1. When a distinguished but elderly scientist states that something is possible, he is almost certainly right. When he states that something is impossible, he is very probably wrong.

2. The only way of discovering the limits of the possible is to venture a little way past them into the impossible.

3. Any sufficiently advanced technology is indistinguishable from magic.

Arthur C. Clarke set forth these laws in Profiles of the Future (1962 rev. ed. 1972). A prolific author of science fiction, Mr. Clarke - trained in physics and mathematics - also was first to suggest back in 1945 that a satellite in a synchronous orbit where it stays above the same point on the earth’s surface would make an ideal vehicle for relaying radio, television and telephone signals over the horizon.

The history of science is littered with examples of Clarke’s First Law. For example John Trowbridge, head of the physics department at Harvard University, said in 1880 - just a year after Einstein was born - that every important discovery in physics had already been made.
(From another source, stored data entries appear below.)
(* Let $E$ be a complex Banach lattice and let $A: E \supseteq D(A) \to E$ be a densely defined, closed, real linear operator. Let $u \in E_+$ and let $\varphi \in E'_+$ be strictly positive. Assume: (Domination) there are integers $m_1, m_2 \ge 0$ such that $D(A^{m_1}) \subseteq E_u$ and $D((A')^{m_2}) \subseteq (E')_\varphi$; (Spectral) there is $\lambda_0 \in \mathbb{R}$ which is a geometrically simple eigenvalue of $A$ and an eigenvalue of $A'$, such that $\ker(\lambda_0 - A)$ is spanned by a vector $v$ with $v \succeq u$, and $\ker(\lambda_0 - A')$ contains an element $\psi$ with $\psi \succeq \varphi$. Let $\mu_0, \mu$ be real numbers in $\rho(A)$. (a) If $R(\mu_0,A) \succeq -u\otimes\varphi$ and $\mu \le \mu_0$, then $R(\mu,A)\succeq -u\otimes\varphi$, and moreover $R(\mu,A)^n \succeq -u\otimes\varphi$ for all $n\in\mathbb{N}$. (b) If $R(\mu_0,A) \preceq u\otimes\varphi$ and $\mu \ge \mu_0$, then $R(\mu,A)\preceq u\otimes\varphi$, and moreover $(-1)^{n-1}R(\mu,A)^n \preceq u\otimes\varphi$ for all $n\in\mathbb{N}$.
   Context: $E_{\mathbb{R}}$ denotes the real part of the complex Banach lattice $E$; $E'$ is the dual Banach lattice. A linear operator $A$ is real if $D(A) = (D(A)\cap E_{\mathbb{R}}) + i(D(A)\cap E_{\mathbb{R}})$ and $A$ maps $D(A)\cap E_{\mathbb{R}}$ into $E_{\mathbb{R}}$. $R(\mu,A) = (\mu - A)^{-1}$. For real vectors $u,v$, $v \succeq u$ means $v \ge cu$ for some $c>0$. For bounded real operators $T,S$, $T\succeq S$ (equivalently $S\preceq T$) means $T - cS$ is positive for some $c>0$. $u\otimes\varphi$ is the operator $f\mapsto\langle\varphi,f\rangle u$. $\varphi$ strictly positive: $\langle\varphi,f\rangle>0$ for all $0\ne f\in E_+$. $E_u = \{x : |x|\le cu \text{ for some } c\ge0\}$ and $(E')_\varphi = \{x'\in E' : |x'|\le c\varphi \text{ for some } c \ge 0\}$. Geometrically simple: one-dimensional eigenspace. *)

theory Defs
  imports "HOL-Analysis.Analysis"
begin

text \<open>
A complex Banach lattice E is (by definition) the complexification of a real Banach
lattice E_R.  The complex Banach lattice
E is modelled as 'a \<times> 'a, the pair (x, y) standing for x + i y, with the product
topology (equivalent to the topology of any complexification norm).
\<close>

definition labs :: "'a::{ordered_real_vector,lattice} \<Rightarrow> 'a" where
  "labs x = sup x (- x)"

definition banach_lattice :: "'a::{banach,ordered_real_vector,lattice} itself \<Rightarrow> bool" where
  "banach_lattice _ \<longleftrightarrow> (\<forall>x y::'a. labs x \<le> labs y \<longrightarrow> norm x \<le> norm y)"

definition cscale :: "complex \<Rightarrow> 'a::real_vector \<times> 'a \<Rightarrow> 'a \<times> 'a" where
  "cscale c z = (Re c *\<^sub>R fst z - Im c *\<^sub>R snd z, Re c *\<^sub>R snd z + Im c *\<^sub>R fst z)"

definition complex_subspace :: "('a::real_vector \<times> 'a) set \<Rightarrow> bool" where
  "complex_subspace D \<longleftrightarrow> 0 \<in> D \<and> (\<forall>x\<in>D. \<forall>y\<in>D. x + y \<in> D) \<and>
     (\<forall>c. \<forall>x\<in>D. cscale c x \<in> D)"

definition linear_op :: "('a::real_vector \<times> 'a) set \<Rightarrow> ('a \<times> 'a \<Rightarrow> 'a \<times> 'a) \<Rightarrow> bool" where
  "linear_op D A \<longleftrightarrow> complex_subspace D \<and> (\<forall>x\<in>D. \<forall>y\<in>D. A (x + y) = A x + A y) \<and>
     (\<forall>c. \<forall>x\<in>D. A (cscale c x) = cscale c (A x))"

definition closed_op :: "('a::real_normed_vector \<times> 'a) set \<Rightarrow> ('a \<times> 'a \<Rightarrow> 'a \<times> 'a) \<Rightarrow> bool" where
  "closed_op D A \<longleftrightarrow> closed {(x, A x) | x. x \<in> D}"

definition densely_defined :: "('a::real_normed_vector \<times> 'a) set \<Rightarrow> bool" where
  "densely_defined D \<longleftrightarrow> closure D = UNIV"
text \<open>Penalisation argument: \<open>W = w - \<epsilon> (1 + t + \<beta> k)\<close> is negative for large \<open>k\<close>
  because \<open>w\<close> is bounded above, and its time derivative at a touching point is at most
  \<open>A \<epsilon> \<beta> - \<epsilon> < 0\<close>, the spatial terms contributing at most \<open>A \<epsilon> \<beta>\<close>.\<close>

lemma semidiscrete_max_principle:
  fixes w d a c :: "real \<Rightarrow> nat \<Rightarrow> real"
  assumes T: "0 < T"
    and bdd: "\<And>t k. t \<in> {0..T} \<Longrightarrow> w t k \<le> M"
    and cont: "\<And>k. continuous_on {0..T} (\<lambda>t. w t k)"
    and init: "\<And>k. 1 \<le> k \<Longrightarrow> w 0 k \<le> 0"
    and bdry: "\<And>t. t \<in> {0..T} \<Longrightarrow> w t 0 \<le> 0"
    and der: "\<And>t k. t \<in> {0<..T} \<Longrightarrow> 1 \<le> k \<Longrightarrow>
      ((\<lambda>\<tau>. w \<tau> k) has_real_derivative d t k) (at t within {0..T})"
    and ineq: "\<And>t k. t \<in> {0<..T} \<Longrightarrow> 1 \<le> k \<Longrightarrow> 0 < w t k \<Longrightarrow>
      d t k \<le> a t k * (w t (Suc k) - w t k) + c t k * (w t (k - 1) - w t k)"
    and coef: "\<And>t k. t \<in> {0<..T} \<Longrightarrow> 1 \<le> k \<Longrightarrow> 0 \<le> a t k \<and> a t k \<le> A \<and> 0 \<le> c t k"
    and t: "t \<in> {0..T}"
  shows "w t k \<le> 0"
proof (rule ccontr)
  assume "\<not> w t k \<le> 0"
  have "0 \<le> A" using coef[of T 1] T by auto
  define \<beta> where "\<beta> = 1 / (A + 1)"
  have \<beta>: "0 < \<beta>" "\<beta> * A < 1"
    unfolding \<beta>_def using \<open>0 \<le> A\<close> by (auto simp: field_simps)
  define \<epsilon> where "\<epsilon> = w t k / (1 + T + \<beta> * k)"
  have "0 < 1 + T + \<beta> * k"
    using T \<beta> by (simp add: add_pos_nonneg)
  then have \<epsilon>: "0 < \<epsilon>"
    unfolding \<epsilon>_def using \<open>\<not> w t k \<le> 0\<close> by simp
  define W where "W \<tau> j = w \<tau> j - \<epsilon> * (1 + \<tau> + \<beta> * j)" for \<tau> j
  have penalty_pos: "0 < \<epsilon> * (1 + \<tau> + \<beta> * j)" if "0 \<le> \<tau>" for \<tau> and j :: nat
    using that \<epsilon> \<beta> by (intro mult_pos_pos add_pos_nonneg) simp_all
  obtain N :: nat where N: "M / (\<epsilon> * \<beta>) < N"
    using reals_Archimedean2 by blast
  have "W t k < 0"
  proof (rule semidiscrete_strict_max_principle[where W = W and T = T and N = N and D = "\<lambda>\<tau> j. d \<tau> j - \<epsilon>"])
    show "W \<tau> j < 0" if "\<tau> \<in> {0..T}" "N \<le> j" for \<tau> j
    proof -
      have "M < \<epsilon> * \<beta> * N" using N \<epsilon> \<beta> by (simp add: field_simps)
      also have "\<dots> \<le> \<epsilon> * \<beta> * j" using that \<epsilon> \<beta> by simp
      finally have "M < \<epsilon> * \<beta> * j" .
      moreover have "0 \<le> \<epsilon> * \<tau>" using that \<epsilon> by simp
      moreover have "\<epsilon> * (1 + \<tau> + \<beta> * j) = \<epsilon> + \<epsilon> * \<tau> + \<epsilon> * \<beta> * j"
        by (simp add: algebra_simps)
      ultimately show ?thesis
        using bdd[of \<tau> j] that \<epsilon> unfolding W_def by linarith
    qed
    show W_bdry: "W \<tau> 0 < 0" if "\<tau> \<in> {0..T}" for \<tau>
      using bdry[OF that] penalty_pos[of \<tau> 0] that unfolding W_def by simp
    show "W 0 j < 0" for j
      using init[of j] W_bdry[of 0] penalty_pos[of 0 j] T unfolding W_def
      by (cases "j = 0") auto
    show "continuous_on {0..T} (\<lambda>\<tau>. W \<tau> j)" for j
      unfolding W_def by (intro continuous_intros cont)
    show "((\<lambda>\<tau>. W \<tau> j) has_real_derivative d \<tau> j - \<epsilon>) (at \<tau> within {0..T})"
      if "\<tau> \<in> {0<..T}" "1 \<le> j" for \<tau> j
      unfolding W_def using der[OF that] by (auto intro!: derivative_eq_intros)
    show "d \<tau> j - \<epsilon> < 0"
      if ts: "\<tau> \<in> {0<..T}" and j: "1 \<le> j" and zero: "W \<tau> j = 0" and nonpos: "\<And>i. W \<tau> i \<le> 0"
      for \<tau> j
    proof -
      have "d \<tau> j \<le> a \<tau> j * (w \<tau> (Suc j) - w \<tau> j) + c \<tau> j * (w \<tau> (j - 1) - w \<tau> j)"
        using ineq[OF ts j] zero penalty_pos[of \<tau> j] ts unfolding W_def by simp
      also have "\<dots> = a \<tau> j * (W \<tau> (Suc j) + \<epsilon> * \<beta>) + c \<tau> j * (W \<tau> (j - 1) - \<epsilon> * \<beta>)"
        using zero j unfolding W_def by (simp add: algebra_simps of_nat_diff)
      also have "\<dots> \<le> a \<tau> j * (\<epsilon> * \<beta>) + c \<tau> j * 0"
        using coef[OF ts j] nonpos[of "Suc j"] nonpos[of "j - 1"] mult_pos_pos[OF \<epsilon> \<beta>(1)]
        by (intro add_mono mult_left_mono) auto
      also have "\<dots> \<le> A * \<beta> * \<epsilon>"
        using coef[OF ts j] \<epsilon> \<beta> by (simp add: mult_right_mono)
      also have "\<dots> < \<epsilon>"
        using \<beta> \<epsilon> by (simp add: mult.commute)
      finally show ?thesis by simp
    qed
  qed (use t in simp)
  moreover have "\<epsilon> * (1 + t + \<beta> * k) \<le> \<epsilon> * (1 + T + \<beta> * k)"
    using t \<epsilon> by simp
  moreover have "\<epsilon> * (1 + T + \<beta> * k) = w t k"
    unfolding \<epsilon>_def using \<open>0 < 1 + T + \<beta> * k\<close> by simp
  ultimately show False
    unfolding W_def by simp
qed

lemma semidiscrete_invariant_interval:
  fixes w a c z :: "real \<Rightarrow> nat \<Rightarrow> real"
  assumes T: "0 < T"
    and bdd: "\<exists>M. \<forall>t\<in>{0..T}. \<forall>k. \<bar>w t k\<bar> \<le> M"
    and cont: "\<And>k. continuous_on {0..T} (\<lambda>t. w t k)"
    and init: "\<And>k. 1 \<le> k \<Longrightarrow> w 0 k \<in> {lo..hi}"
    and bdry: "\<And>t. t \<in> {0..T} \<Longrightarrow> w t 0 \<in> {lo..hi}"
    and der: "\<And>t k. t \<in> {0<..T} \<Longrightarrow> 1 \<le> k \<Longrightarrow> ((\<lambda>\<tau>. w \<tau> k) has_real_derivative
      a t k * (w t (Suc k) - w t k) + c t k * (w t (k - 1) - w t k) + z t k) (at t within {0..T})"
    and z: "\<And>t k. t \<in> {0<..T} \<Longrightarrow> 1 \<le> k \<Longrightarrow>
      (hi < w t k \<longrightarrow> z t k \<le> 0) \<and> (w t k < lo \<longrightarrow> 0 \<le> z t k)"
    and coef: "\<And>t k. t \<in> {0<..T} \<Longrightarrow> 1 \<le> k \<Longrightarrow> 0 \<le> a t k \<and> a t k \<le> A \<and> 0 \<le> c t k"
    and t: "t \<in> {0..T}"
  shows "w t k \<in> {lo..hi}"
proof -
  obtain M where M: "\<And>t k. t \<in> {0..T} \<Longrightarrow> \<bar>w t k\<bar> \<le> M"
    using bdd by blast
  have "w t k - hi \<le> 0"
  proof (rule semidiscrete_max_principle[where w = "\<lambda>t k. w t k - hi" and M = "M - hi" and A = A
        and d = "\<lambda>t k. a t k * (w t (Suc k) - w t k) + c t k * (w t (k - 1) - w t k) + z t k"])
    show "((\<lambda>\<tau>. w \<tau> k - hi) has_real_derivative
        a t k * (w t (Suc k) - w t k) + c t k * (w t (k - 1) - w t k) + z t k) (at t within {0..T})"
      if "t \<in> {0<..T}" "1 \<le> k" for t k
      using der[OF that] by (auto intro!: derivative_eq_intros)
    show "w t k - hi \<le> M - hi" if "t \<in> {0..T}" for t k
      using M[OF that, of k] by simp
    show "a t k * (w t (Suc k) - w t k) + c t k * (w t (k - 1) - w t k) + z t k
        \<le> a t k * ((w t (Suc k) - hi) - (w t k - hi)) + c t k * ((w t (k - 1) - hi) - (w t k - hi))"
      if "t \<in> {0<..T}" "1 \<le> k" "0 < w t k - hi" for t k
      using z[OF that(1,2)] that(3) by simp
  qed (use T cont init bdry coef t in \<open>auto intro: continuous_intros\<close>)
  moreover have "lo - w t k \<le> 0"
  proof (rule semidiscrete_max_principle[where w = "\<lambda>t k. lo - w t k" and M = "M + lo" and A = A
        and d = "\<lambda>t k. - (a t k * (w t (Suc k) - w t k) + c t k * (w t (k - 1) - w t k) + z t k)"])
    show "((\<lambda>\<tau>. lo - w \<tau> k) has_real_derivative
        - (a t k * (w t (Suc k) - w t k) + c t k * (w t (k - 1) - w t k) + z t k)) (at t within {0..T})"
      if "t \<in> {0<..T}" "1 \<le> k" for t k
      using der[OF that] by (auto intro!: derivative_eq_intros)
    show "lo - w t k \<le> M + lo" if "t \<in> {0..T}" for t k
      using M[OF that, of k] by simp
    show "- (a t k * (w t (Suc k) - w t k) + c t k * (w t (k - 1) - w t k) + z t k)
        \<le> a t k * ((lo - w t (Suc k)) - (lo - w t k)) + c t k * ((lo - w t (k - 1)) - (lo - w t k))"
      if "t \<in> {0<..T}" "1 \<le> k" "0 < lo - w t k" for t k
      using z[OF that(1,2)] that(3) by (simp add: algebra_simps)
  qed (use T cont init bdry coef t in \<open>auto intro: continuous_intros\<close>)
  ultimately show ?thesis by simp
qed

lemma Lap_eq_neighbour_diffs:
  assumes "h \<noteq> 0"
  shows "Lap h v k = 1 / h\<^sup>2 * (v (Suc k) - v k) + 1 / h\<^sup>2 * (v (k - 1) - v k)"
  using assms unfolding Lap_def Dplus_def Dminus_def by (simp add: field_simps power2_eq_square)

definition neighbour_weight :: "real \<Rightarrow> real \<Rightarrow> (nat \<Rightarrow> real) \<Rightarrow> nat \<Rightarrow> nat \<Rightarrow> real" where
  "neighbour_weight h B G k i = (2 + B * G k + B * G i) / (2 * (1 + B * G k) * h\<^sup>2)"

lemma Lap_drift_eq_neighbour_diffs:
  assumes "h \<noteq> 0" "1 + B * G k \<noteq> 0"
  shows "Lap h v k + bcoef B (G k) * (Dplus h G k * Dplus h v k + Dminus h G k * Dminus h v k) =
    neighbour_weight h B G k (Suc k) * (v (Suc k) - v k)
    + neighbour_weight h B G k (k - 1) * (v (k - 1) - v k)"
proof -
  have identity: "((x - y) / h - (y - z) / h) / h
      + B / (2 * D) * ((gp - g) / h * ((x - y) / h) + (g - gm) / h * ((y - z) / h))
    = (2 * D + B * (gp - g)) / (2 * D * h\<^sup>2) * (x - y)
      + (2 * D - B * (g - gm)) / (2 * D * h\<^sup>2) * (z - y)" if "D \<noteq> 0" for x y z g gp gm D
    using that assms(1) by (simp add: field_simps power2_eq_square)
  have numerators: "2 * (1 + B * G k) + B * (G (Suc k) - G k) = 2 + B * G k + B * G (Suc k)"
    "2 * (1 + B * G k) - B * (G k - G (k - 1)) = 2 + B * G k + B * G (k - 1)"
    by algebra+
  show ?thesis
    using identity[where x = "v (Suc k)" and y = "v k" and z = "v (k - 1)"
        and g = "G k" and gp = "G (Suc k)" and gm = "G (k - 1)", OF assms(2), unfolded numerators]
    unfolding Lap_def Dplus_def Dminus_def bcoef_def neighbour_weight_def by simp
qed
Then there was Lord Rutherford who led the way in discovering the structure of the atom, but pooh-poohed the possibility of obtaining energy from this source, saying in 1933 that “Anyone who expects a source of power from the transformation of these atoms is talking moonshine.”

In explaining his law, Clarke pointed out that ‘elderly’ in science is not so elderly by other standards. In physics and mathematics, for example, anyone over thirty is ‘elderly.’ In other scientific fields, ’senile decay’ may be postponed into the forties. After the age of fifty, scientists “are good for nothing but board meetings and should at all costs be kept out of the laboratory.”

Clarke said he had “modestly decided to stop” with three laws “as three laws were good enough for Newton” but that has not kept others from building upon his work. Thus, his third law has been extended in what is known as Jones’s Law (though who Jones is, or was, is not known): “Anyone who make a significant contribution to any field of endeavor and stays in that field long enough, becomes an obstruction to its progress . . . in direct proportion to the importance of the original contribution” (in Arthur Block The Complete Murphy’s Law 1991).

And Isaac Asimov, reflecting upon his own valiant efforts to puncture popular beliefs in astrology, flying saucers, Velikovskianism, and so on, and while also admitting that he was “a little over thirty and have been a little over thirty for a long time”, amended Clarke with:

Asimov’s Corollary to Clarke’s First Law. When however the lay public rallies around an idea that is denounced by distinguished but elderly scientists and supports that idea with great fervour and emotion - the distinguished but elderly scientists are then, after all, probably right (The Skeptical Inquirer Spring 1979).

The significance of age thirty also has been noted in non-scientific contexts; see Weinberg’s Laws.